The data –
________

lemma hcomp_dinatural_outer:
  assumes "dinatural C \<gamma> \<delta> \<eta> \<theta> m H K \<psi> j" and f: "f \<in> Arr C"
  shows "Cmp C (fmor (sub_functor \<delta> \<theta> i \<beta> \<alpha> K G F) (subst (sub_var \<delta> \<theta> i \<beta> \<alpha>)
        ((!) (sub_type \<delta> \<theta> i n \<beta> \<tau> \<alpha> \<sigma>)) (\<lambda>k. Idm C (V ! k)) (reix i n j) (Idm C (Dom C f)) f))
      (Cmp C (hcomp C \<alpha> \<sigma> F \<phi> n \<gamma> \<eta> H \<delta> \<theta> K \<psi> m i (V[reix i n j := Dom C f]))
        (fmor (sub_functor \<gamma> \<eta> i \<alpha> \<beta> H F G) (subst (sub_var \<gamma> \<eta> i \<alpha> \<beta>)
          ((!) (sub_type \<gamma> \<eta> i n \<alpha> \<sigma> \<beta> \<tau>)) (\<lambda>k. Idm C (V ! k)) (reix i n j) f (Idm C (Dom C f)))))
    = Cmp C (fmor (sub_functor \<delta> \<theta> i \<beta> \<alpha> K G F) (subst (sub_var \<delta> \<theta> i \<beta> \<alpha>)
        ((!) (sub_type \<delta> \<theta> i n \<beta> \<tau> \<alpha> \<sigma>)) (\<lambda>k. Idm C (V ! k)) (reix i n j) f (Idm C (Cod C f))))
      (Cmp C (hcomp C \<alpha> \<sigma> F \<phi> n \<gamma> \<eta> H \<delta> \<theta> K \<psi> m i (V[reix i n j := Cod C f]))
        (fmor (sub_functor \<gamma> \<eta> i \<alpha> \<beta> H F G) (subst (sub_var \<gamma> \<eta> i \<alpha> \<beta>)
          ((!) (sub_type \<gamma> \<eta> i n \<alpha> \<sigma> \<beta> \<tau>)) (\<lambda>k. Idm C (V ! k)) (reix i n j) (Idm C (Cod C f)) f)))"
proof -
  define a b p where "a = Dom C f" and "b = Cod C f" and "p = \<phi> inner_vars"
  define hm km where "hm = slot_fmor \<gamma> \<eta> H" and "km = slot_fmor \<delta> \<theta> K"
  have ab: "a \<in> Obj C" "b \<in> Obj C" "Dom C f = a" "Cod C f = b"
    using category_Dom_Cod[OF category f] unfolding a_def b_def by auto
  have p: "p \<in> Arr C" "Dom C p = F_inner" "Cod C p = G_inner"
    using \<phi>_inner_vars unfolding p_def by auto
  have units: "Cmp C (Idm C G_inner) p = p" "Cmp C p (Idm C F_inner) = p" "Cmp C f (Idm C a) = f"
      "Cmp C (Idm C b) f = f"
    using category_Cmp_Idm_left[OF category p(1)] category_Cmp_Idm_right[OF category p(1)]
      category_Cmp_Idm_left[OF category f] category_Cmp_Idm_right[OF category f] p ab by simp_all
  note typing = f p ab units F_inner_G_inner_objects category_Idm[OF category]
    category_Cmp_Idm_Idm[OF category] \<psi>_outer_vars[OF ab(1)] \<psi>_outer_vars[OF ab(2)]
    slot_fmor[OF H \<eta>_less, folded hm_def] slot_fmor[OF K \<theta>_less, folded km_def]
    slot_fmor_Cmp[OF H \<eta>_less, folded hm_def] slot_fmor_Cmp[OF K \<theta>_less, folded km_def]
  have left: "Cmp C (km (Idm C F_inner) (Idm C G_inner) (Idm C a) f)
      (Cmp C (Cmp C (km (Idm C F_inner) p (Idm C a) (Idm C a))
        (Cmp C (\<psi> (outer_vars a)) (hm p (Idm C F_inner) (Idm C a) (Idm C a))))
        (hm (Idm C G_inner) (Idm C F_inner) f (Idm C a)))
    = Cmp C (km (Idm C F_inner) p (Idm C a) (Idm C b))
      (Cmp C (Cmp C (km (Idm C F_inner) (Idm C F_inner) (Idm C a) f)
        (Cmp C (\<psi> (outer_vars a)) (hm (Idm C F_inner) (Idm C F_inner) f (Idm C a))))
        (hm p (Idm C F_inner) (Idm C b) (Idm C a)))"
    by (rule category_Cmp_regroup[OF category]) (simp_all add: typing)
  have right: "Cmp C (km (Idm C F_inner) (Idm C G_inner) f (Idm C b))
      (Cmp C (Cmp C (km (Idm C F_inner) p (Idm C b) (Idm C b))
        (Cmp C (\<psi> (outer_vars b)) (hm p (Idm C F_inner) (Idm C b) (Idm C b))))
        (hm (Idm C G_inner) (Idm C F_inner) (Idm C b) f))
    = Cmp C (km (Idm C F_inner) p (Idm C a) (Idm C b))
      (Cmp C (Cmp C (km (Idm C F_inner) (Idm C F_inner) f (Idm C b))
        (Cmp C (\<psi> (outer_vars b)) (hm (Idm C F_inner) (Idm C F_inner) (Idm C b) f)))
        (hm p (Idm C F_inner) (Idm C b) (Idm C a)))"
    by (rule category_Cmp_regroup[OF category]) (simp_all add: typing)
  show ?thesis
    using \<psi>_dinatural_outer[OF assms, folded a_def b_def hm_def km_def]
    unfolding a_def[symmetric] b_def[symmetric] fmor_sub_functor_H fmor_sub_functor_K
      hcomp_update_outer[OF ab(1)] hcomp_update_outer[OF ab(2)]
    unfolding p_def[symmetric] hm_def[symmetric] km_def[symmetric] left right
    by simp
qed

________

Work instruction –
Across the preceding records, count the lines with the word "using" in them and give that figure alone.

Task output –
4